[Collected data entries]

- - - -

lemma nf_interpolates_vertices:
  assumes i: "left_end \<le> i" "i \<le> n"
  shows "\<exists>u w t. vertex u \<and> vertex w \<and> 0 \<le> t \<and> t \<le> 1 \<and> real i = t * real u + (1 - t) * real w
           \<and> nf i = t * nf u + (1 - t) * nf w"
proof (cases "vertex i")
  case True thus ?thesis by (intro exI[of _ i] exI[of _ i] exI[of _ 1]) auto
next
  case False
  then obtain u w where vu: "vertex u" and vw: "vertex w" "w \<le> n" and ui: "u < i" and iw: "i < w"
    and nov: "\<And>k. u < k \<Longrightarrow> k < w \<Longrightarrow> \<not> vertex k"
    using adjacent_vertices[OF i] by metis
  have j0u: "left_end \<le> u" using vu unfolding vertex_def by simp
  have hi: "nf i = nf u + slope u * real (i - u)"
    using nf_linear_between_vertices[OF j0u nov vw(2), of "i - u"] ui iw by simp
  have hw: "nf w = nf u + slope u * real (w - u)"
    using nf_linear_between_vertices[OF j0u nov vw(2), of "w - u"] ui iw by simp
  define t where "t = (real w - real i) / (real w - real u)"
  have nz: "real w - real u \<noteq> 0" using ui iw by simp
  have t: "0 \<le> t" "t \<le> 1" unfolding t_def using ui iw by (auto simp: field_simps)
  have omt: "1 - t = (real i - real u) / (real w - real u)" unfolding t_def using nz by (simp add: field_simps)
  have e1: "real i = t * real u + (1 - t) * real w"
  proof -
    have "t * real u + (1 - t) * real w = real u + (1 - t) * (real w - real u)" by (simp add: algebra_simps)
    also have "\<dots> = real i" unfolding omt using nz by simp
    finally show ?thesis by simp
  qed
  have e2: "nf i = t * nf u + (1 - t) * nf w"
  proof -
    have hw': "nf w = nf u + slope u * (real w - real u)" using hw ui iw by (simp add: of_nat_diff)
    have "t * nf u + (1 - t) * nf w = nf u + (1 - t) * (slope u * (real w - real u))"
      unfolding hw' by (simp add: algebra_simps)
    also have "\<dots> = nf u + slope u * (real i - real u)" unfolding omt using nz by simp
    finally show ?thesis using hi ui by (simp add: of_nat_diff)
  qed
  show ?thesis using vu vw t e1 e2 by blast
qed

lemma extreme_point_newton_polygon: assumes e: "(real d, y) extreme_point_of newton_polygon val Q"
  shows "left_end \<le> d \<and> d \<le> n \<and> y = nf d"
proof -
  have m: "(real d, y) \<in> newton_polygon val Q" using e unfolding extreme_point_of_def by blast
  hence dn: "d \<le> n" and le: "NF d \<le> ereal y" unfolding newton_polygon_iff NF_def by auto
  hence "NF d \<noteq> \<infinity>" by auto
  hence jd: "left_end \<le> d" using left_end_leI dn by blast
  have Hd: "NF d = ereal (nf d)" using NF_eq_nf jd dn by blast
  have "y = nf d"
  proof (rule ccontr)
    assume "y \<noteq> nf d"
    hence lt: "nf d < y" using le Hd by simp
    have a: "(real d, nf d) \<in> newton_polygon val Q" unfolding newton_polygon_iff using Hd dn unfolding NF_def by simp
    have b: "(real d, 2 * y - nf d) \<in> newton_polygon val Q" unfolding newton_polygon_iff using Hd dn lt unfolding NF_def by simp
    have "(real d, y) \<in> open_segment (real d, nf d) (real d, 2 * y - nf d)"
      unfolding in_segment using lt by (intro conjI exI[of _ "1/2"]) (auto simp: algebra_simps)
    thus False using e a b unfolding extreme_point_of_def by blast
  qed
  thus ?thesis using jd dn by simp
qed

lemma slope_less_at_extreme_point: assumes e: "(real d, nf d) extreme_point_of newton_polygon val Q"
  and d: "left_end < d" "d < n"
  shows "slope (d - 1) < slope d"
proof -
  have le: "slope (d - 1) \<le> slope d" using d by (intro slope_mono) auto
  show ?thesis
  proof (rule ccontr)
    assume "\<not> ?thesis"
    hence eq: "slope (d - 1) = slope d" using le by simp
    have a: "(real (d - 1), nf (d - 1)) \<in> newton_polygon val Q"
      unfolding newton_polygon_iff using NF_eq_nf[of "d - 1"] d unfolding NF_def by auto
    have b: "(real (d + 1), nf (d + 1)) \<in> newton_polygon val Q"
      unfolding newton_polygon_iff using NF_eq_nf[of "d + 1"] d unfolding NF_def by auto
    have s1: "slope (d - 1) = nf d - nf (d - 1)" unfolding slope_def using d by simp
    have s2: "slope d = nf (d + 1) - nf d" unfolding slope_def by simp
    have "(real d, nf d) \<in> open_segment (real (d - 1), nf (d - 1)) (real (d + 1), nf (d + 1))"
      unfolding in_segment using d eq s1 s2
      by (intro conjI exI[of _ "1/2"]) (auto simp: field_simps of_nat_diff)
    thus False using e a b unfolding extreme_point_of_def by blast
  qed
qed

lemma convex_le_nf_via_vertices:
  assumes g: "convex_ereal_on {0..real n} g" and gv: "\<And>v. vertex v \<Longrightarrow> g (real v) \<le> ereal (nf v)"
    and i: "left_end \<le> i" "i \<le> n"
  shows "g (real i) \<le> ereal (nf i)"
proof -
  obtain u w t where uw: "vertex u" "vertex w" "0 \<le> t" "t \<le> 1" "real i = t * real u + (1 - t) * real w"
    "nf i = t * nf u + (1 - t) * nf w" using nf_interpolates_vertices[OF i] by blast
  have mem: "real u \<in> {0..real n}" "real w \<in> {0..real n}" using uw unfolding vertex_def by auto
  have "g (real i) \<le> ereal t * g (real u) + ereal (1 - t) * g (real w)"
    using g mem uw unfolding convex_ereal_on_def by auto
  also have "\<dots> \<le> ereal t * ereal (nf u) + ereal (1 - t) * ereal (nf w)"
    using uw gv by (intro add_mono ereal_mult_left_mono) auto
  also have "\<dots> = ereal (nf i)" using uw by simp
  finally show ?thesis .
qed

lemma extreme_point_imp_vertex:
  assumes e: "(real v, y) extreme_point_of newton_polygon val Q"
  shows "vertex v"
proof -
  have v: "left_end \<le> v" "v \<le> n" "y = nf v" using extreme_point_newton_polygon[OF e] by auto
  show ?thesis
  proof (cases "left_end < v \<and> v < n")
    case True thus ?thesis using slope_less_at_extreme_point[of v] e v unfolding vertex_def by simp
  next
    case False thus ?thesis using v unfolding vertex_def by auto
  qed
qed

end

context valued_field begin

lemma val_coeff_mult_touching_index:
  fixes A B :: "'k poly"
  assumes A: "degree A = d" "coeff A d = 1" "\<And>i. ereal (l * (real i - real d)) \<le> val (coeff A i)"
    and B_ge: "\<And>j. ereal (c + l * real j) \<le> val (coeff B j)"
    and B_gt: "\<And>j. js < j \<Longrightarrow> ereal (c + l * real j) < val (coeff B j)"
    and B_js: "val (coeff B js) = ereal (c + l * real js)"
  shows "val (coeff (A * B) (d + js)) = ereal (c + l * real js)"
proof -
  have "val (coeff (A * B) (d + js)) = val (coeff A d * coeff B (d + js - d))"
    unfolding coeff_mult
  proof (rule val_sum_eq_dominant)
    show "coeff A d * coeff B (d + js - d) \<noteq> 0" using A B_js by auto
    fix i assume i: "i \<in> {..d + js} - {d}"
    show "val (coeff A d * coeff B (d + js - d)) < val (coeff A i * coeff B (d + js - i))"
    proof (cases "d < i")
      case True
      hence "coeff A i = 0" using A by (intro coeff_eq_0) auto
      thus ?thesis using A B_js by simp
    next
      case False
      hence id: "i < d" using i by auto
      have "ereal ((c + l * real (d + js - i)) + l * (real i - real d))
          < val (coeff B (d + js - i) * coeff A i)"
        using B_gt[of "d + js - i"] id A(3)[of i] by (intro val_mult_gt) auto
      moreover have "(c + l * real (d + js - i)) + l * (real i - real d) = c + l * real js"
        using id by (simp add: algebra_simps of_nat_diff)
      ultimately show ?thesis using A B_js by (simp add: mult.commute)
    qed
  qed auto
  thus ?thesis using A B_js by simp
qed

text \<open>If \<open>B\<close> had a coefficient below the line \<open>p + l (j + d)\<close>, the rightmost coefficient of \<open>B\<close>
  furthest below a line of slope \<open>l\<close> would produce a coefficient of \<open>A * B\<close> below \<open>p + l k\<close>.\<close>

lemma cofactor_coeffs_ge:
  fixes A B :: "'k poly"
  assumes A: "degree A = d" "coeff A d = 1" "\<And>i. ereal (l * (real i - real d)) \<le> val (coeff A i)"
    and P: "\<And>k. ereal (p + l * real k) \<le> val (coeff (A * B) k)"
  shows "ereal (p + l * (real j + real d)) \<le> val (coeff B j)"
proof (rule ccontr)
  assume fail: "\<not> ereal (p + l * (real j + real d)) \<le> val (coeff B j)"
  define J where "J = {j. coeff B j \<noteq> 0}"
  define f where "f j = real_of_ereal (val (coeff B j)) - l * real j" for j
  have fin: "finite J" unfolding J_def by (rule finite_subset[of _ "{..degree B}"]) (auto intro: le_degree)
  have jJ: "j \<in> J" unfolding J_def using fail by auto
  have val_B: "val (coeff B i) = ereal (f i + l * real i)" if "i \<in> J" for i
    using val_finite[of "coeff B i"] that unfolding J_def f_def by auto
  define m where "m = Min (f ` J)"
  have m_le: "m \<le> f i" if "i \<in> J" for i unfolding m_def using fin that by simp
  define Js where "Js = {i \<in> J. f i = m}"
  define js where "js = Max Js"
  have "m \<in> f ` J" unfolding m_def using fin jJ by (intro Min_in) auto
  hence "Js \<noteq> {}" unfolding Js_def by auto
  hence js: "js \<in> J" "f js = m" "\<And>i. i \<in> Js \<Longrightarrow> i \<le> js"
    using fin Max_in[of Js] unfolding js_def Js_def by auto
  have B_ge: "ereal (m + l * real i) \<le> val (coeff B i)" for i
    using m_le[of i] val_B[of i] unfolding J_def by (cases "coeff B i = 0") auto
  have B_gt: "ereal (m + l * real i) < val (coeff B i)" if "js < i" for i
  proof (cases "i \<in> J")
    case True
    hence "f i \<noteq> m" using js(3)[of i] that unfolding Js_def by auto
    thus ?thesis using m_le[OF True] val_B[OF True] by simp
  qed (simp add: J_def)
  have "ereal (p + l * real (d + js)) \<le> ereal (m + l * real js)"
    using P[of "d + js"] val_coeff_mult_touching_index[OF A B_ge B_gt] val_B[OF js(1)] js(2) by simp
  moreover have "m < p + l * real d"
    using fail val_B[OF jJ] m_le[OF jJ] by (simp add: algebra_simps)
  ultimately show False by (simp add: algebra_simps)
qed

definition coeffs_ge :: "nat \<Rightarrow> (nat \<Rightarrow> real) \<Rightarrow> 'k poly \<Rightarrow> real \<Rightarrow> bool" where
  "coeffs_ge j0 \<psi> S t \<longleftrightarrow> (\<forall>k<j0. coeff S k = 0) \<and> (\<forall>k. ereal (\<psi> k + t) \<le> val (coeff S k))"

definition coeffs_gt :: "nat \<Rightarrow> (nat \<Rightarrow> real) \<Rightarrow> 'k poly \<Rightarrow> real \<Rightarrow> bool" where
  "coeffs_gt j0 \<psi> S t \<longleftrightarrow> (\<forall>k<j0. coeff S k = 0) \<and> (\<forall>k. ereal (\<psi> k + t) < val (coeff S k))"

lemma coeffs_gt_imp_coeffs_ge_shift:
  assumes "coeffs_gt j0 \<psi> S t"
  obtains \<epsilon> where "0 < \<epsilon>" "coeffs_ge j0 \<psi> S (t + \<epsilon>)"
proof -
  define K where "K = {k. coeff S k \<noteq> 0}"
  define gap where "gap k = real_of_ereal (val (coeff S k)) - \<psi> k - t" for k
  define \<epsilon> where "\<epsilon> = Min (insert 1 (gap ` K))"
  have fin: "finite K" unfolding K_def
    by (rule finite_subset[of _ "{..degree S}"]) (auto intro: le_degree)
  have val_eq: "val (coeff S k) = ereal (gap k + \<psi> k + t)" if "k \<in> K" for k
    using val_finite[of "coeff S k"] that unfolding K_def gap_def by auto
  have "0 < gap k" if "k \<in> K" for k
  proof -
    have "ereal (\<psi> k + t) < ereal (gap k + \<psi> k + t)"
      using assms val_eq[OF that] unfolding coeffs_gt_def by metis
    thus ?thesis by simp
  qed
  hence "0 < \<epsilon>" unfolding \<epsilon>_def using fin by simp
  moreover have "coeffs_ge j0 \<psi> S (t + \<epsilon>)" unfolding coeffs_ge_def
  proof (intro conjI allI impI)
    show "coeff S k = 0" if "k < j0" for k using assms that unfolding coeffs_gt_def by blast
  next
    fix k
    show "ereal (\<psi> k + (t + \<epsilon>)) \<le> val (coeff S k)"
    proof (cases "k \<in> K")
      case True
      hence "\<epsilon> \<le> gap k" unfolding \<epsilon>_def using fin by simp
      thus ?thesis using val_eq[OF True] by simp
    qed (simp add: K_def)
  qed
  ultimately show thesis by (rule that)
qed

lemma coeffs_ge_shift_imp_coeffs_gt:
  assumes "0 < \<epsilon>" "coeffs_ge j0 \<psi> S (t + \<epsilon>)"
  shows "coeffs_gt j0 \<psi> S t"
  unfolding coeffs_gt_def
proof (intro conjI allI impI)
  show "coeff S k = 0" if "k < j0" for k using assms that unfolding coeffs_ge_def by blast
next
  fix k
  have "ereal (\<psi> k + t) < ereal (\<psi> k + (t + \<epsilon>))" using assms(1) by simp
  also have "\<dots> \<le> val (coeff S k)" using assms(2) unfolding coeffs_ge_def by blast
  finally show "ereal (\<psi> k + t) < val (coeff S k)" .
qed

end

locale weighted_division = valued_field val for val :: "'k::field \<Rightarrow> ereal" +
  fixes D :: "'k poly" and d j0 :: nat and \<psi> :: "nat \<Rightarrow> real" and l :: real
  assumes degree_D: "degree D = d" and monic_D: "coeff D d = 1" and d_pos: "0 < d"
    and coeffs_D: "coeffs_ge j0 \<psi> D (- \<psi> d)"
    and psi_slope: "\<And>i j. j0 \<le> i \<Longrightarrow> \<psi> (i + j) \<le> \<psi> i + l * real j"
    and psi_linear: "\<And>k. d \<le> k \<Longrightarrow> \<psi> k = \<psi> d + l * (real k - real d)"
begin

- - - -

**WHAT IS BEING ASKED:**
Among the lines above, repeat exactly those from the line with "- 1)) \<in> newton_polygon" to the line with "nf (d + 1)) \<in>", counting both ends.

**SOLUTION TO THE PROBLEM:**
    have a: "(real (d - 1), nf (d - 1)) \<in> newton_polygon val Q"
      unfolding newton_polygon_iff using NF_eq_nf[of "d - 1"] d unfolding NF_def by auto
    have b: "(real (d + 1), nf (d + 1)) \<in> newton_polygon val Q"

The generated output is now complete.